Not all overdose-related cardiac arrests are the same, says study
MedicalXpress Breaking News-and-Events Nov 09, 2023
The incidence of overdose-related cardiac arrests more than doubled in King County, Washington, from 2015 to 2021, with the biggest increase among people who had consumed opioids combined with stimulants, according to a new study. That drug profile was also the most lethal among four profiles evaluated.
The findings are troubling because emergency medical responses to drug overdoses are surging in communities across the United States, the authors wrote. The paper was published today in JAMA Network Open.
"Drug abuse and overdose are expanding public health emergencies. Recent reports suggest that the patterns and types of drug use are changing, with many overdoses involving more than opioids alone," said the lead author, Dr. Neal Chatterjee, a cardiologist and electrophysiologist at the UW Medicine Heart Institute in Seattle.
In medical reports, most out-of-hospital cardiac arrests (OHCA) that involve a drug overdose are recorded simply as "OD" without identifying specific drugs or drug types. In this study, the investigators compared OD-related cases against those not OD-related, and also worked with the medical examiner to differentiate the drug-involved cases into four subgroups: opioid-only, stimulant-only, opioid combined with stimulant, and other nonopioid, nonstimulant drugs.
Opioids included fentanyl, heroin, hydromorphone, methadone, opium, codeine and oxycodone. Stimulants included amphetamines, methamphetamines and cocaine.
The primary outcome measure for all groups was survival to hospital discharge.
During the span (Jan. 1, 2015, to Dec. 31, 2021), King County emergency medical providers responded to 6,790 calls in which someone had experienced cardiac arrest. Of those, 702 (10%) were later determined to have involved a drug overdose.
Chatterjee and colleagues found that King County's incidence of OD-involved OHCA had more than doubled during the six-year span, with no corresponding increase in the incidence of OHCA not involving OD.
At the end of 2021, although opioid-only was the drug profile most commonly involved in OHCA, the combined opioid+stimulant profile had grown to nearly the same incidence, the paper reported. Chatterjee said this finding lends context to the drumbeat of reports characterizing opioids, in particular fentanyl, as the main public health threat.

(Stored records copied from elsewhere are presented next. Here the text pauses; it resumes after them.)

lemma Z_matrix_row_sum_sdd:
  fixes A :: "real^'n::finite^'n"
  assumes "Z_matrix A" "0 \<le> A $ i $ i" "sdd_row A i"
  shows "0 < (\<Sum>j\<in>UNIV. A $ i $ j)"
  using Z_matrix_row_sum[OF assms(1), of i] assms(2-3) unfolding sdd_row_def by auto

lemma Z_matrix_mult_pos_at_max:
  fixes A :: "real^'n::finite^'n" and x :: "real^'n"
  assumes Z: "Z_matrix A" and "wdd_row A i" and "0 \<le> A $ i $ i"
    and max: "\<And>j. x $ j \<le> x $ i" and "0 < x $ i"
    and strict: "sdd_row A i \<or> (\<exists>j. x $ j < x $ i \<and> A $ i $ j \<noteq> 0)"
  shows "0 < (A *v x) $ i"
proof -
  have terms_nonneg: "0 \<le> A $ i $ j * (x $ j - x $ i)" for j
    using Z max[of j] unfolding Z_matrix_def by (cases "j = i") (auto intro: mult_nonpos_nonpos)
  then have sum_terms_nonneg: "0 \<le> (\<Sum>j\<in>UNIV. A $ i $ j * (x $ j - x $ i))"
    by (rule sum_nonneg)
  have "0 \<le> (\<Sum>j\<in>UNIV. A $ i $ j)"
    using Z_matrix_row_sum_sdd[OF Z] Z_matrix_row_sum_nonsdd[OF Z] assms(2,3)
    by (cases "sdd_row A i") (auto intro: less_imp_le)
  then have scaled_row_sum_nonneg: "0 \<le> x $ i * (\<Sum>j\<in>UNIV. A $ i $ j)"
    using \<open>0 < x $ i\<close> by simp
  have split: "(A *v x) $ i = x $ i * (\<Sum>j\<in>UNIV. A $ i $ j) + (\<Sum>j\<in>UNIV. A $ i $ j * (x $ j - x $ i))"
    by (simp add: matrix_vector_mult_def sum_distrib_left sum.distrib[symmetric] algebra_simps)
  consider "sdd_row A i" | j where "x $ j < x $ i" "A $ i $ j \<noteq> 0"
    using strict by blast
  then have "0 < x $ i * (\<Sum>j\<in>UNIV. A $ i $ j) \<or> 0 < (\<Sum>j\<in>UNIV. A $ i $ j * (x $ j - x $ i))"
  proof cases
    case 1
    then show ?thesis
      using Z_matrix_row_sum_sdd[OF Z] assms(3) \<open>0 < x $ i\<close> by simp
  next
    case (2 j)
    then have "A $ i $ j < 0"
      using Z unfolding Z_matrix_def by (metis less_le not_less_iff_gr_or_eq)
    then have "0 < A $ i $ j * (x $ j - x $ i)"
      using \<open>x $ j < x $ i\<close> by (simp add: mult_neg_neg)
    also have "\<dots> \<le> (\<Sum>j\<in>UNIV. A $ i $ j * (x $ j - x $ i))"
      by (rule member_le_sum) (use terms_nonneg in auto)
    finally show ?thesis ..
  qed
  then show ?thesis
    unfolding split using scaled_row_sum_nonneg sum_terms_nonneg by linarith
qed

lemma wcdd_max_principle:
  fixes A :: "real^'n::finite^'n" and x :: "real^'n"
  assumes wdd: "wdd A" and Z: "Z_matrix A" and diag: "\<forall>i. 0 \<le> A $ i $ i"
    and wcdd: "\<forall>J. nonsdd_closed A J \<longrightarrow> J = {}"
    and le: "\<forall>i. (A *v x) $ i \<le> 0"
  shows "x $ k \<le> 0"
proof (rule ccontr)
  assume "\<not> x $ k \<le> 0"
  define c where "c = Max (range (\<lambda>i. x $ i))"
  have c_ge: "x $ j \<le> c" for j
    unfolding c_def by (rule Max_ge) auto
  have "0 < c"
    using c_ge[of k] \<open>\<not> x $ k \<le> 0\<close> by linarith
  have "c \<in> range (\<lambda>i. x $ i)"
    unfolding c_def by (rule Max_in) auto
  then have "\<not> nonsdd_closed A {i. x $ i = c}"
    using wcdd by auto
  then obtain i where "x $ i = c" and i: "sdd_row A i \<or> (\<exists>j. x $ j \<noteq> c \<and> A $ i $ j \<noteq> 0)"
    unfolding nonsdd_closed_def by auto
  have "\<exists>j. x $ j < x $ i \<and> A $ i $ j \<noteq> 0" if "\<exists>j. x $ j \<noteq> c \<and> A $ i $ j \<noteq> 0"
    using that c_ge \<open>x $ i = c\<close> by (metis order.not_eq_order_implies_strict)
  then have "0 < (A *v x) $ i"
    using wdd diag c_ge \<open>0 < c\<close> \<open>x $ i = c\<close> i unfolding wdd_def
    by (intro Z_matrix_mult_pos_at_max[OF Z]) auto
  with le show False
    by (meson not_le)
qed

lemma wcdd_invertible:
  fixes A :: "real^'n::finite^'n"
  assumes "wdd A" "Z_matrix A" "\<forall>i. 0 \<le> A $ i $ i" "\<forall>J. nonsdd_closed A J \<longrightarrow> J = {}"
  shows "invertible A"
proof -
  have "x = 0" if "A *v x = 0" for x
  proof -
    have "x $ j \<le> 0" for j
      by (rule wcdd_max_principle[OF assms]) (simp add: that)
    moreover have "(- x) $ j \<le> 0" for j
      by (rule wcdd_max_principle[OF assms])
        (use that in \<open>simp add: matrix_vector_mult_def sum_negf vec_eq_iff\<close>)
    ultimately show "x = 0"
      by (simp add: vec_eq_iff order_antisym)
  qed
  then show ?thesis
    unfolding invertible_left_inverse matrix_left_invertible_ker by blast
qed

definition bellman_term ::
  "(('n \<Rightarrow> 'c) \<Rightarrow> real^'n^'n) \<Rightarrow> (('n \<Rightarrow> 'c) \<Rightarrow> real^'n) \<Rightarrow> ('n \<Rightarrow> ereal) \<Rightarrow> ('n \<Rightarrow> 'c) \<Rightarrow> 'n \<Rightarrow> ereal" where
  "bellman_term A y X P i =
     (if yhat A y P i = -\<infinity> \<or> (\<exists>j. Mcoef A P i j * X j = -\<infinity>) then -\<infinity>
      else (\<Sum>j\<in>UNIV. Mcoef A P i j * X j) + yhat A y P i)"

lemma bellman_M_eq_SUP_bellman_term:
  "bellman_M Ps A y X i = (SUP P\<in>Pi UNIV Ps. bellman_term A y X P i)"
  by (simp add: bellman_M_def bellman_term_def)

lemma bellman_term_real:
  fixes x :: "real^'n::finite"
  assumes "\<not> sdd_row (A P) i"
  shows "bellman_term A y (\<lambda>j. ereal (x $ j)) P i = ereal (x $ i - (A P *v x) $ i + y P $ i)"
proof -
  have "(\<Sum>j\<in>UNIV. ((if j = i then 1 else 0) - A P $ i $ j) * x $ j) = x $ i - (A P *v x) $ i"
    by (simp add: matrix_vector_mult_def left_diff_distrib sum_subtractf
        if_distrib[where f = "\<lambda>a. a * _"] cong: if_cong)
  then show ?thesis
    using assms by (simp add: bellman_term_def yhat_def Mcoef_def)
qed

lemma bellman_solution_residual_le:
  assumes "bellman_solution Ps A y U" "P \<in> Pi UNIV Ps"
  shows "(- (A P *v U) + y P) $ i \<le> 0"
proof -
  have "ereal ((- (A P *v U) + y P) $ i) \<le> (SUP Q\<in>Pi UNIV Ps. ereal ((- (A Q *v U) + y Q) $ i))"
    using assms(2) by (rule SUP_upper)
  also have "\<dots> = 0"
    using assms(1) unfolding bellman_solution_def by blast
  finally show ?thesis
    by simp
qed

lemma bellman_M_le_solution:
  fixes U :: "real^'n::finite"
  assumes "bellman_solution Ps A y U"
  shows "bellman_M Ps A y (\<lambda>j. ereal (U $ j)) i \<le> ereal (U $ i)"
  unfolding bellman_M_eq_SUP_bellman_term
proof (rule SUP_least)
  fix P assume "P \<in> Pi UNIV Ps"
  then show "bellman_term A y (\<lambda>j. ereal (U $ j)) P i \<le> ereal (U $ i)"
    using bellman_solution_residual_le[OF assms, of P i]
    by (cases "sdd_row (A P) i") (simp add: bellman_term_def yhat_def, simp add: bellman_term_real)
qed

definition eps_optimal ::
  "('n \<Rightarrow> 'c set) \<Rightarrow> (('n \<Rightarrow> 'c) \<Rightarrow> real^'n^'n) \<Rightarrow> (('n \<Rightarrow> 'c) \<Rightarrow> real^'n) \<Rightarrow> real^'n \<Rightarrow> real
     \<Rightarrow> ('n \<Rightarrow> 'c) \<Rightarrow> bool" where
  "eps_optimal Ps A y U e P \<longleftrightarrow> P \<in> Pi UNIV Ps \<and> (\<forall>i. - e \<le> (- (A P *v U) + y P) $ i)"

context
  fixes Ps :: "'n::finite \<Rightarrow> 'c set"
    and A :: "('n \<Rightarrow> 'c) \<Rightarrow> real^'n^'n"
    and y :: "('n \<Rightarrow> 'c) \<Rightarrow> real^'n"
  assumes h3: "H3 Ps A"
begin

lemma Mcoef_nonneg:
  assumes "P \<in> Pi UNIV Ps" "\<not> sdd_row (A P) i"
  shows "0 \<le> Mcoef A P i j"
  using h3 assms unfolding H3_def Z_matrix_def Mcoef_def by (cases "j = i") auto

lemma bellman_term_mono:
  assumes P: "P \<in> Pi UNIV Ps" and XY: "\<And>j. X j \<le> Y j"
  shows "bellman_term A y X P i \<le> bellman_term A y Y P i"
proof (cases "yhat A y P i = -\<infinity> \<or> (\<exists>j. Mcoef A P i j * X j = -\<infinity>)")
  case True
  then show ?thesis
    by (simp add: bellman_term_def)
next
  case False
  then have "\<not> sdd_row (A P) i"
    by (auto simp: yhat_def)
  then have mono: "Mcoef A P i j * X j \<le> Mcoef A P i j * Y j" for j
    using Mcoef_nonneg[OF P] XY by (simp add: ereal_mult_left_mono)
  then have "\<not> (yhat A y P i = -\<infinity> \<or> (\<exists>j. Mcoef A P i j * Y j = -\<infinity>))"
    using False by (metis ereal_infty_less_eq(2))
  moreover have "(\<Sum>j\<in>UNIV. Mcoef A P i j * X j) \<le> (\<Sum>j\<in>UNIV. Mcoef A P i j * Y j)"
    by (rule sum_mono) (rule mono)
  ultimately show ?thesis
    unfolding bellman_term_def if_not_P[OF False] by (subst if_not_P) (auto intro: add_right_mono)
qed

lemma bellman_M_mono:
  assumes "\<And>j. X j \<le> Y j"
  shows "bellman_M Ps A y X i \<le> bellman_M Ps A y Y i"
  unfolding bellman_M_eq_SUP_bellman_term
  by (rule SUP_mono) (use bellman_term_mono assms in blast)

lemma bellman_iterate_le_solution:
  assumes "bellman_solution Ps A y U"
  shows "(bellman_M Ps A y ^^ k) (\<lambda>j. ereal (U $ j)) i \<le> ereal (U $ i)"
proof (induction k arbitrary: i)
  case 0
  then show ?case by simp
next
  case (Suc k)
  have "(bellman_M Ps A y ^^ Suc k) (\<lambda>j. ereal (U $ j)) i
      \<le> bellman_M Ps A y (\<lambda>j. ereal (U $ j)) i"
    using bellman_M_mono[OF Suc.IH] by simp
  also have "\<dots> \<le> ereal (U $ i)"
    using assms by (rule bellman_M_le_solution)
  finally show ?case .
qed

The opioid+stimulant mix also was associated with worse survival than opioids alone or stimulants alone. Chatterjee hypothesized that this might be due to the dual-organ impact of opioids, which primarily affect the respiratory system, and stimulants, which can increase the risk of cardiac arrhythmias.
"I think our study provides important context when counseling and caring for individuals who use illicit drugs," he said. "For example, recent qualitative survey data suggests that some of what may be driving an increase in mixed illicit drug use is the misperception that stimulants can improve the safety of, or enhance the high associated with, depressants such as opioids.
"Given our findings that mixing these drugs was associated with the lowest survival in cardiac arrest cases, our study enables those who work in addiction medicine to highlight these dangers."
Chatterjee also said the study findings do not suggest that emergency responders' highly orchestrated resuscitation protocols should change when a cardiac arrest case is suspected to be related to drug overdose.
"There is not currently an established resuscitation protocol specific to OD-related OHCA," he said. "Contemporary guidelines recommend agents like naloxone (to reverse opioid overdose) only after a pulse is restored, but not as part of the primary resuscitation protocol. The chance of surviving after OHCA is about 10%, on average, which indicates lots of room for improvement. Whether tailored resuscitation protocols for OD-OHCA could improve outcomes is an area of future study."